Collected data
==============================

(* Let $C=\{c_1,\dots,c_m\}\subset\mathbb{R}$ with $c_1\le c_2\le\dots\le c_m$, let $\mathcal{I}$ be a finite set of closed intervals in $\mathbb{R}$, and let $f\ge0$ be an integer such that every interval $I\in\mathcal{I}$ satisfies $|I\cap C|>f$. Then $T\subseteq C$ is an $f$-tolerant hitting set of $\mathcal{I}$ if and only if $|T\cap C_{i,j}|\ge\delta_{i,j}(f)$ for all $1\le i\le j\le m$.
   Context: A set $X\subseteq C$ hits $\mathcal{I}$ (is a hitting set) if every interval of $\mathcal{I}$ contains a point of $X$. $T\subseteq C$ is an $f$-tolerant hitting set of $\mathcal{I}$ if for every $J\subseteq C$ with $|J|\le f$ there exists $R\subseteq C\setminus J$ with $|(T\setminus J)\cup R|\le|T|$ such that $(T\setminus J)\cup R$ hits $\mathcal{I}$. For a set of points $X$, a set of intervals is $X$-disjoint if every point of $X$ lies in at most one of its intervals. For $1\le i\le j\le m$: $C_{i,j}=\{c_i,\dots,c_j\}$; $\mathcal{I}_{i,j}=\{I\in\mathcal{I}: I\cap C\subseteq C_{i,j}\}$; for $J\subseteq C_{i,j}$, $\delta_{i,j}(J)$ is the maximum size of a $(C_{i,j}\setminus J)$-disjoint subset of $\mathcal{I}_{i,j}$; and $\delta_{i,j}(f)=\max_{J\subseteq C_{i,j},|J|\le f}\delta_{i,j}(J)$. (In the application, $\mathcal{I}$ consists of the intervals of length $2r$ centered at the voters.) *)

theory Defs
  imports Complex_Main
begin

definition hits :: "real set \<Rightarrow> real set set \<Rightarrow> bool" where
  "hits X Is \<longleftrightarrow> (\<forall>I\<in>Is. X \<inter> I \<noteq> {})"

definition tolerant_hitting_set :: "nat \<Rightarrow> real set \<Rightarrow> real set set \<Rightarrow> real set \<Rightarrow> bool" where
  "tolerant_hitting_set f C Is T \<longleftrightarrow> T \<subseteq> C \<and>
     (\<forall>J. J \<subseteq> C \<and> card J \<le> f \<longrightarrow>
        (\<exists>R. R \<subseteq> C - J \<and> card ((T - J) \<union> R) \<le> card T \<and> hits ((T - J) \<union> R) Is))"

definition X_disjoint :: "real set \<Rightarrow> real set set \<Rightarrow> bool" where
  "X_disjoint X S \<longleftrightarrow> (\<forall>x\<in>X. card {I\<in>S. x \<in> I} \<le> 1)"

definition Cij :: "(nat \<Rightarrow> real) \<Rightarrow> nat \<Rightarrow> nat \<Rightarrow> real set" where
  "Cij c i j = c ` {i..j}"

definition Iij :: "real set \<Rightarrow> (nat \<Rightarrow> real) \<Rightarrow> real set set \<Rightarrow> nat \<Rightarrow> nat \<Rightarrow> real set set" where
  "Iij C c Is i j = {I\<in>Is. I \<inter> C \<subseteq> Cij c i j}"

definition delta_set :: "real set \<Rightarrow> (nat \<Rightarrow> real) \<Rightarrow> real set set \<Rightarrow> nat \<Rightarrow> nat \<Rightarrow> real set \<Rightarrow> nat" where
  "delta_set C c Is i j J =
     Max (card ` {S. S \<subseteq> Iij C c Is i j \<and> X_disjoint (Cij c i j - J) S})"

definition delta_f :: "real set \<Rightarrow> (nat \<Rightarrow> real) \<Rightarrow> real set set \<Rightarrow> nat \<Rightarrow> nat \<Rightarrow> nat \<Rightarrow> nat" where
  "delta_f C c Is i j f =
     Max {delta_set C c Is i j J | J. J \<subseteq> Cij c i j \<and> card J \<le> f}"

end

theory Submission
  imports Defs
begin

text \<open>
  Necessity: after deleting J \<subseteq> C_{i,j}, the repaired hitting set X = (T - J) \<union> R meets
  the intervals of a (C_{i,j} - J)-disjoint subfamily of I_{i,j} at distinct points of
  X \<inter> C_{i,j}; as X has at most |T| points and contains T outside C_{i,j}, this gives
  |X \<inter> C_{i,j}| \<le> |T \<inter> C_{i,j}|.

  Sufficiency: given J, the greedy rule "pierce the interval with the leftmost right end
  at its rightmost point of C - J" hits the intervals missed by T - J with no more points
  than some (C - J)-disjoint family S of them. The survivors T - J cut C into windows
  C_{i,j} free of survivors, and each interval of S lies in one window, where the
  hypothesis allows at most |T \<inter> C_{i,j}| = |T \<inter> J \<inter> C_{i,j}| of them. Summing,
  |S| \<le> |T \<inter> J|, so (T - J) \<union> R has at most |T| points.
\<close>

lemma X_disjoint_iff:
  assumes "finite S"
  shows "X_disjoint X S \<longleftrightarrow> (\<forall>I\<in>S. \<forall>I'\<in>S. \<forall>x\<in>X. x \<in> I \<and> x \<in> I' \<longrightarrow> I = I')"
  unfolding X_disjoint_def using assms by (auto simp: card_le_Suc0_iff_eq)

==============================

Which lines in the data above contain "survivors"? Show each one.

■ REPLY TO THE EXERCISE ■
  than some (C - J)-disjoint family S of them. The survivors T - J cut C into windows
  C_{i,j} free of survivors, and each interval of S lies in one window, where the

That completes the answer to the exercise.